Early treatment with lisinopril and spironolactone preserves cardiac and skeletal muscle in Duchenne muscular dystrophy mice

Affiliations

Early treatment with lisinopril and spironolactone preserves cardiac and skeletal muscle in Duchenne muscular dystrophy mice

Jill A Rafael-Fortney et al. Circulation. .

Abstract

Background: Nearly universal cardiomyopathy in Duchenne muscular dystrophy (DMD) contributes to heart failure and death. Because DMD patients show myocardial fibrosis well before functional impairment, we postulated that earlier treatment using drugs with antifibrotic effect may be beneficial.

Methods and results: Three groups of 10 utrn(+/-);mdx, or "het" mice, deficient for dystrophin and haploinsufficient for utrophin with skeletal myopathy and cardiomyopathy that closely mimics clinical DMD were studied. One het group received spironolactone and lisinopril starting at 8 weeks of life (het-treated-8); a second received the same starting at 4 weeks of life (het-treated-4), and the third het group was untreated.
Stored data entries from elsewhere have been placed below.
lemma qbinom_Suc_Suc_Suc:
  assumes "j \<le> m"
  shows "qbinom (Suc (Suc m)) (Suc j)
    = qbinom (Suc m) j + monom 1 (Suc m) * qbinom m j + monom 1 (Suc j) * qbinom m (Suc j)"
proof -
  have "monom (1::real) (Suc j) * monom 1 (m - j) = monom 1 (Suc m)"
    using assms by (simp add: mult_monom)
  then show ?thesis
    unfolding qbinom_Suc_Suc[of "Suc m"] qbinom_Suc_Suc'[OF assms]
    by (simp add: algebra_simps)
qed

lemma qbinom_Suc_Suc_Suc':
  assumes "j \<le> m"
  shows "qbinom (Suc (Suc m)) (Suc j)
    = qbinom (Suc m) j + qbinom (Suc m) (Suc j) + (monom 1 (Suc m) - 1) * qbinom m j"
  unfolding qbinom_Suc_Suc_Suc[OF assms] qbinom_Suc_Suc[of m j] by (simp add: algebra_simps)

lemma Suc_choose_2: "Suc n choose 2 = n + (n choose 2)"
  using binomial_Suc_Suc[of n 1] by (simp add: numeral_2_eq_2)

abbreviation ends_up :: "bool list \<Rightarrow> bool" where
  "ends_up p \<equiv> p \<noteq> [] \<and> last p"

abbreviation ends_down :: "bool list \<Rightarrow> bool" where
  "ends_down p \<equiv> p \<noteq> [] \<and> \<not> last p"

lemma path_height_snoc: "i \<le> length p \<Longrightarrow> path_height (p @ [b]) i = path_height p i"
  unfolding path_height_def by (rule sum.cong) (auto simp: nth_append)

lemma path_height_snoc_end:
  "path_height (p @ [b]) (Suc (length p)) = path_height p (length p) + (if b then 1 else -1)"
  using path_height_snoc[of "length p" p b] by (simp add: path_height_def nth_append)

lemma path_height_le: "path_height p i \<le> int i"
proof -
  have "path_height p i \<le> (\<Sum>j<i. 1)" unfolding path_height_def by (rule sum_mono) auto
  then show ?thesis by simp
qed

lemma nonneg_path_height_snoc_iff:
  "(\<forall>i\<le>Suc (length p). 0 \<le> path_height (p @ [b]) i)
     \<longleftrightarrow> (\<forall>i\<le>length p. 0 \<le> path_height p i) \<and> 0 \<le> path_height p (length p) + (if b then 1 else -1)"
  by (auto simp: le_Suc_eq path_height_snoc path_height_snoc_end)

lemma ballot_paths_iff:
  "p \<in> ballot_paths s t \<longleftrightarrow> length p = s + t \<and> path_height p (length p) = int s - int t
     \<and> (\<forall>i\<le>length p. 0 \<le> path_height p i)"
  unfolding ballot_paths_def by auto

lemma ballot_paths_eq_empty: "s < t \<Longrightarrow> ballot_paths s t = {}"
  unfolding ballot_paths_def by force

lemma ballot_paths_0_0: "ballot_paths 0 0 = {[]}"
  unfolding ballot_paths_def by (auto simp: path_height_def)

lemma finite_ballot_paths: "finite (ballot_paths s t)"
  by (rule finite_subset[OF _ finite_list_length[of "s + t"]]) (auto simp: ballot_paths_def)

lemma snoc_True_in_ballot_paths_iff: "p @ [True] \<in> ballot_paths (Suc s) t \<longleftrightarrow> p \<in> ballot_paths s t"
  unfolding ballot_paths_iff length_append_singleton nonneg_path_height_snoc_iff path_height_snoc_end
  by auto

lemma snoc_False_in_ballot_paths_iff:
  "t < s \<Longrightarrow> p @ [False] \<in> ballot_paths s (Suc t) \<longleftrightarrow> p \<in> ballot_paths s t"
  unfolding ballot_paths_iff length_append_singleton nonneg_path_height_snoc_iff path_height_snoc_end
  by auto
lemma unstable_poly_of_dyadic:
  assumes P_inv: "\<And>k. 1 \<le> k \<Longrightarrow> A k \<circ> P k = P (Suc k) \<circ> A k"
    and dyadic: "\<And>i j x. i \<le> j \<Longrightarrow>
       N (2 ^ i) (evol A (2 ^ i) (2 ^ j) (x - P (2 ^ j) x)) \<le> K' * exp (-\<mu> * (real j - real i)) * N (2 ^ j) x"
    and "0 < K'" "0 < \<mu>" "1 \<le> n" "n \<le> m"
  shows "N n (evol A n m (x - P m x))
    \<le> (K * 2 powr a)\<^sup>2 * K' * 2 powr (\<mu> / ln 2) * (real m / real n) powr (-(\<mu> / ln 2)) * N m x"
proof -
  define i j where "i = floor_log n" and "j = floor_log m"
  define y where "y = evol A (2 ^ j) m x"
  define w where "w = evol A (2 ^ i) (2 ^ j) (y - P (2 ^ j) y)"
  let ?c = "K * 2 powr a" and ?d = "K' * (2 powr (\<mu> / ln 2) * (real m / real n) powr (-(\<mu> / ln 2)))"
  have "1 \<le> m"
    using \<open>1 \<le> n\<close> \<open>n \<le> m\<close> by simp
  have "i \<le> j"
    using \<open>n \<le> m\<close> by (simp add: i_def j_def floor_log_le_iff)
  have c_nonneg: "0 \<le> ?c"
    using K_pos by simp
  have "N (2 ^ i) w \<le> K' * exp (-\<mu> * (real j - real i)) * N (2 ^ j) y"
    unfolding w_def by (rule dyadic[OF \<open>i \<le> j\<close>])
  also have "\<dots> \<le> ?d * N (2 ^ j) y"
    using exp_floor_log_diff_le_powr[OF \<open>0 < \<mu>\<close> \<open>1 \<le> n\<close> \<open>n \<le> m\<close>]
      N_nonneg[of "2 ^ j" y] \<open>0 < K'\<close>
    by (intro mult_right_mono mult_left_mono) (simp_all add: i_def j_def)
  finally have dyadic_step: "N (2 ^ i) w \<le> ?d * N (2 ^ j) y" .
  have "x = evol A m (2 ^ j) y" and "P m x = evol A m (2 ^ j) (P (2 ^ j) y)"
    using invariant_proj_conj[of 1 A P m "2 ^ j" x] bij_A P_inv \<open>1 \<le> m\<close>
      evol_cocycle_A[of m "2 ^ j" m x] by (simp_all add: y_def)
  then have "x - P m x = evol A m (2 ^ j) (y - P (2 ^ j) y)"
    using linear_diff[OF evol_linear[of 1 A m "2 ^ j"]] bij_A linear_A \<open>1 \<le> m\<close> by simp
  then have "N n (evol A n m (x - P m x)) = N n (evol A n (2 ^ i) w)"
    using \<open>1 \<le> n\<close> \<open>1 \<le> m\<close> by (simp add: w_def evol_cocycle_A)
  also have "\<dots> \<le> ?c * N (2 ^ i) w"
    using growth_floor_log(1)[of n w] \<open>1 \<le> n\<close> by (simp add: i_def)
  also have "\<dots> \<le> ?c * (?d * N (2 ^ j) y)"
    using dyadic_step c_nonneg by (rule mult_left_mono)
  also have "\<dots> \<le> ?c * (?d * (?c * N m x))"
    using growth_floor_log(2)[of m x] \<open>1 \<le> m\<close> c_nonneg \<open>0 < K'\<close>
    by (intro mult_left_mono) (simp_all add: y_def j_def)
  finally show ?thesis
    by (simp add: power2_eq_square mult_ac)
qed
At 20 weeks, all mice had normal ejection fractions though circumferential strain rate was abnormal (-0.21±0.08) in untreated hets. This improved to -0.40±0.07 in het-treated-8 mice (P=0.003) and further improved to -0.56±0.10 in het-treated-4 mice (P=0.014 for het-treated-4 versus het-treated-8). Treated mice showed less cardiomyocyte damage, with a 44% reduction in intracardiomyocyte serum immunoglobulin G localization in het-treated-8 mice (P<0.0001) and a further 53% reduction in het-treated-4 mice (P=0.0003 versus het-treated-8); matrix metalloproteinases were similarly reduced. Cardiac, limb, and diaphragm function by ex vivo muscle testing remained at 80% of normal with early treatment compared to a decline to 40% of normal skeletal muscle function without treatment.
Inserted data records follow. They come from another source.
(* Consider one-dimensional $L_2$-regularized linear regression trained by plain SGD with learning rate $\lambda>0$ and batch size $S$, with input variance $a>0$, target $u$ and weight decay $\gamma$, and write $k:=a+\gamma$ (assume $k\neq0$ and $2k-\lambda[k^2+\frac2Sa^2]\neq0$). Then the expected training loss and test loss are $$L_{\rm train}=\frac{a\gamma}{2k}\cdot\frac{2k-\lambda\left[k^2+\frac2Sa(a-\gamma)\right]}{2k-\lambda\left[k^2+\frac2Sa^2\right]}u^2,\qquad L_{\rm test}=\frac{a\gamma^2}{2k}\cdot\frac{2-\lambda k}{2k-\lambda\left[k^2+\frac2Sa^2\right]}u^2.$$
   Context: Loss (as $N\to\infty$): $L_\Gamma(w)=\frac12a(w-u)^2+\frac12\gamma w^2$, with data $x\sim\mathcal N(0,a)$ and labels $y=ux$. The stationary distribution of $w$ has mean $w^*=au/k$ and variance $\Sigma$ determined by $\lambda\cdot2k\Sigma-\lambda^2k^2\Sigma=\lambda^2C$, where the averaged minibatch noise variance is $C=\frac1S\left(2a^2\Sigma+\frac{2a^2\gamma^2u^2}{k^2}\right)$. $L_{\rm train}:=\mathbb{E}_w[L_\Gamma(w)]$ and $L_{\rm test}:=\frac12a\,\mathbb{E}_w[(w-u)^2]$. *)

theory Defs
  imports "HOL-Probability.Probability"
begin

definition L_Gamma :: "real \<Rightarrow> real \<Rightarrow> real \<Rightarrow> real \<Rightarrow> real" where
  "L_Gamma a u \<gamma> w = 1/2 * a * (w - u)^2 + 1/2 * \<gamma> * w^2"

definition noise_C :: "nat \<Rightarrow> real \<Rightarrow> real \<Rightarrow> real \<Rightarrow> real \<Rightarrow> real \<Rightarrow> real" where
  "noise_C S a u \<gamma> k \<Sigma> = 1 / real S * (2 * a^2 * \<Sigma> + 2 * a^2 * \<gamma>^2 * u^2 / k^2)"

end

theory Submission
  imports Defs
begin

(*
  By the bias-variance decomposition E[(w - c)^2] = \<Sigma> + (E w - c)^2 both losses are affine in \<Sigma>,
  with E w - u = -\<gamma>u/k and E w = au/k. The stationarity condition is linear in \<Sigma>: dividing it
  by the learning rate \<lambda> gives \<Sigma> D = 2\<lambda>a^2\<gamma>^2u^2/(Sk^2) with D = 2k - \<lambda>(k^2 + 2a^2/S),
  and substituting this into the two affine expressions yields the closed forms.
*)

lemma (in prob_space) expectation_square_diff:
  fixes X :: "'a \<Rightarrow> real"
  assumes "X \<in> borel_measurable M" and "integrable M (\<lambda>x. (X x)^2)"
  shows "expectation (\<lambda>x. (X x - c)^2) = variance X + (expectation X - c)^2"
proof -
  have [simp]: "integrable M X"
    using square_integrable_imp_integrable[OF assms] .
  have [simp]: "integrable M (\<lambda>x. (X x)^2)"
    by fact
  have "expectation (\<lambda>x. (X x - c)^2) = expectation (\<lambda>x. (X x)^2) - 2 * c * expectation X + c^2"
    by (simp add: power2_diff prob_space)
  also have "\<dots> = (expectation (\<lambda>x. (X x)^2) - (expectation X)^2) + (expectation X - c)^2"
    by (simp add: power2_diff)
  also have "expectation (\<lambda>x. (X x)^2) - (expectation X)^2 = variance X"
    by (rule variance_eq[symmetric]) simp_all
  finally show ?thesis .
qed

lemma (in prob_space) expectation_L_Gamma:
  fixes X :: "'a \<Rightarrow> real"
  assumes "X \<in> borel_measurable M" and "integrable M (\<lambda>x. (X x)^2)"
  shows "expectation (\<lambda>x. L_Gamma a u \<gamma> (X x))
    = a / 2 * (variance X + (expectation X - u)^2) + \<gamma> / 2 * (variance X + (expectation X)^2)"
proof -
  have "integrable M X"
    using square_integrable_imp_integrable[OF assms] .
  then have "integrable M (\<lambda>x. (X x - u)^2)"
    using assms(2) by (simp add: power2_diff)
  have "expectation (\<lambda>x. L_Gamma a u \<gamma> (X x))
      = expectation (\<lambda>x. a / 2 * (X x - u)^2 + \<gamma> / 2 * (X x)^2)"
    by (simp add: L_Gamma_def)
  also have "\<dots> = a / 2 * expectation (\<lambda>x. (X x - u)^2) + \<gamma> / 2 * expectation (\<lambda>x. (X x)^2)"
    using \<open>integrable M (\<lambda>x. (X x - u)^2)\<close> assms(2) by (subst Bochner_Integration.integral_add) auto
  also have "expectation (\<lambda>x. (X x)^2) = variance X + (expectation X)^2"
    using expectation_square_diff[OF assms, of 0] by (simp only: diff_0_right)
  finally show ?thesis
    by (simp only: expectation_square_diff[OF assms, of u])
qed

lemma stationary_variance_eq:
  fixes lr a u \<gamma> k \<Sigma> :: real and S :: nat
  assumes "lr \<noteq> 0" and "k \<noteq> 0" and "S > 0"
    and sigma_eq: "lr * 2 * k * \<Sigma> - lr^2 * k^2 * \<Sigma> = lr^2 * noise_C S a u \<gamma> k \<Sigma>"
  shows "\<Sigma> * (2*k - lr * (k^2 + 2 / real S * a^2)) = 2 * lr * a^2 * \<gamma>^2 * u^2 / (real S * k^2)"
    (is "_ = ?Z")
proof -
  have "lr * (\<Sigma> * (2*k - lr * k^2)) = lr * 2 * k * \<Sigma> - lr^2 * k^2 * \<Sigma>"
    by (simp add: algebra_simps power2_eq_square)
  also have "\<dots> = lr^2 * noise_C S a u \<gamma> k \<Sigma>"
    by (rule sigma_eq)
  also have "\<dots> = lr * (lr * (2 / real S * a^2) * \<Sigma> + ?Z)"
    unfolding noise_C_def using \<open>k \<noteq> 0\<close> \<open>S > 0\<close> by (simp add: field_simps power2_eq_square)
  finally have "\<Sigma> * (2*k - lr * k^2) = lr * (2 / real S * a^2) * \<Sigma> + ?Z"
    using \<open>lr \<noteq> 0\<close> by simp
  then show ?thesis
    by (simp add: right_diff_distrib distrib_left mult_ac)
qed

lemma test_loss_closed_form:
  fixes lr a u \<gamma> k \<Sigma> D :: real and S :: nat
  assumes "real S > 0" and "k \<noteq> 0" and "D \<noteq> 0"
    and D: "D = 2*k - lr * (k^2 + 2 / real S * a^2)"
    and \<Sigma>: "\<Sigma> * D = 2 * lr * a^2 * \<gamma>^2 * u^2 / (real S * k^2)"
  shows "a / 2 * (\<Sigma> + (\<gamma> * u / k)^2) = a * \<gamma>^2 / (2 * k) * (2 - lr * k) / D * u^2"
proof -
  have "a / 2 * (\<Sigma> + (\<gamma> * u / k)^2) * D = a / 2 * (\<Sigma> * D + (\<gamma> * u / k)^2 * D)"
    by (simp add: algebra_simps)
  also have "\<dots> = a * \<gamma>^2 / (2 * k) * (2 - lr * k) * u^2"
    unfolding \<Sigma> unfolding D using assms(1,2) by (simp add: field_simps power2_eq_square)
  finally show ?thesis
    using assms(3) by (simp only: times_divide_eq_left nonzero_eq_divide_eq not_False_eq_True)
qed

lemma train_loss_closed_form:
  fixes lr a u \<gamma> k \<Sigma> D :: real and S :: nat
  assumes "real S > 0" and "k \<noteq> 0" and "D \<noteq> 0" and "k = a + \<gamma>"
    and D: "D = 2*k - lr * (k^2 + 2 / real S * a^2)"
    and \<Sigma>: "\<Sigma> * D = 2 * lr * a^2 * \<gamma>^2 * u^2 / (real S * k^2)"
  shows "a / 2 * (\<Sigma> + (\<gamma> * u / k)^2) + \<gamma> / 2 * (\<Sigma> + (a * u / k)^2)
    = a * \<gamma> / (2 * k) * (2*k - lr * (k^2 + 2 / real S * a * (a - \<gamma>))) / D * u^2"
proof -
  have "(a / 2 * (\<Sigma> + (\<gamma> * u / k)^2) + \<gamma> / 2 * (\<Sigma> + (a * u / k)^2)) * D
      = (a + \<gamma>) / 2 * (\<Sigma> * D) + a * \<gamma> * (a + \<gamma>) * u^2 / (2 * k^2) * D"
    using assms(2) by (simp add: field_simps power2_eq_square)
  also have "\<dots> = k / 2 * (\<Sigma> * D) + a * \<gamma> * u^2 / (2 * k) * D"
    using assms(2,4) by (simp add: power2_eq_square)
  also have "\<dots> = a * \<gamma> / (2 * k) * (2*k - lr * (k^2 + 2 / real S * a * (a - \<gamma>))) * u^2"
    unfolding \<Sigma> unfolding D using assms(1,2) by (simp add: field_simps power2_eq_square)
  finally show ?thesis
    using assms(3) by (simp only: times_divide_eq_left nonzero_eq_divide_eq not_False_eq_True)
qed

theorem corollary2:
  fixes M :: "'s measure" and w :: "'s \<Rightarrow> real"
    and lr a u \<gamma> k \<Sigma> :: real and S :: nat
  assumes "prob_space M"
    and "w \<in> borel_measurable M"
    and "integrable M (\<lambda>x. (w x)^2)"
    and "lr > 0" and "S \<ge> 1" and "a > 0"
    and k_def: "k = a + \<gamma>" and "k \<noteq> 0"
    and "2*k - lr * (k^2 + 2 / real S * a^2) \<noteq> 0"
    and mean: "prob_space.expectation M w = a * u / k"
    and var: "prob_space.variance M w = \<Sigma>"
    and sigma_eq: "lr * 2 * k * \<Sigma> - lr^2 * k^2 * \<Sigma> = lr^2 * noise_C S a u \<gamma> k \<Sigma>"
  shows "(prob_space.expectation M (\<lambda>x. L_Gamma a u \<gamma> (w x))
           = a * \<gamma> / (2 * k) * (2*k - lr * (k^2 + 2 / real S * a * (a - \<gamma>)))
             / (2*k - lr * (k^2 + 2 / real S * a^2)) * u^2) \<and>
         (prob_space.expectation M (\<lambda>x. 1/2 * a * (w x - u)^2)
           = a * \<gamma>^2 / (2 * k) * (2 - lr * k)
             / (2*k - lr * (k^2 + 2 / real S * a^2)) * u^2)"
proof -
  interpret prob_space M by fact
  have \<Sigma>: "\<Sigma> * (2*k - lr * (k^2 + 2 / real S * a^2)) = 2 * lr * a^2 * \<gamma>^2 * u^2 / (real S * k^2)"
    using stationary_variance_eq[OF _ \<open>k \<noteq> 0\<close> _ sigma_eq] \<open>lr > 0\<close> \<open>S \<ge> 1\<close> by simp
  have "expectation w - u = - (\<gamma> * u / k)"
    unfolding mean using k_def \<open>k \<noteq> 0\<close> by (simp add: field_simps)
  then have bias: "(expectation w - u)^2 = (\<gamma> * u / k)^2"
    by simp
  have "real S > 0"
    using \<open>S \<ge> 1\<close> by simp
  have train: "expectation (\<lambda>x. L_Gamma a u \<gamma> (w x))
      = a * \<gamma> / (2 * k) * (2*k - lr * (k^2 + 2 / real S * a * (a - \<gamma>)))
        / (2*k - lr * (k^2 + 2 / real S * a^2)) * u^2"
    using expectation_L_Gamma[OF assms(2,3), of a u \<gamma>, unfolded var bias, unfolded mean]
      train_loss_closed_form[OF \<open>real S > 0\<close> \<open>k \<noteq> 0\<close> assms(9) k_def refl \<Sigma>]
    by (rule trans)
  have "expectation (\<lambda>x. 1/2 * a * (w x - u)^2) = a / 2 * expectation (\<lambda>x. (w x - u)^2)"
    by simp
  also have "\<dots> = a / 2 * (\<Sigma> + (\<gamma> * u / k)^2)"
    unfolding expectation_square_diff[OF assms(2,3), of u] var bias ..
  also have "\<dots> = a * \<gamma>^2 / (2 * k) * (2 - lr * k) / (2*k - lr * (k^2 + 2 / real S * a^2)) * u^2"
    by (rule test_loss_closed_form[OF \<open>real S > 0\<close> \<open>k \<noteq> 0\<close> assms(9) refl \<Sigma>])
  finally show ?thesis
    by (rule conjI[OF train])
qed

end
Conclusions: These findings offer clinically available medications with proven antifibrotic effect as a new therapeutic strategy in DMD. Early initiation greatly attenuated myocardial disease and, for the first time with these drugs, improved skeletal myopathy. Thus, early initiation of such agents warrants further clinical evaluation to maintain ambulatory, respiratory, and cardiac function for patients with DMD and related myopathies.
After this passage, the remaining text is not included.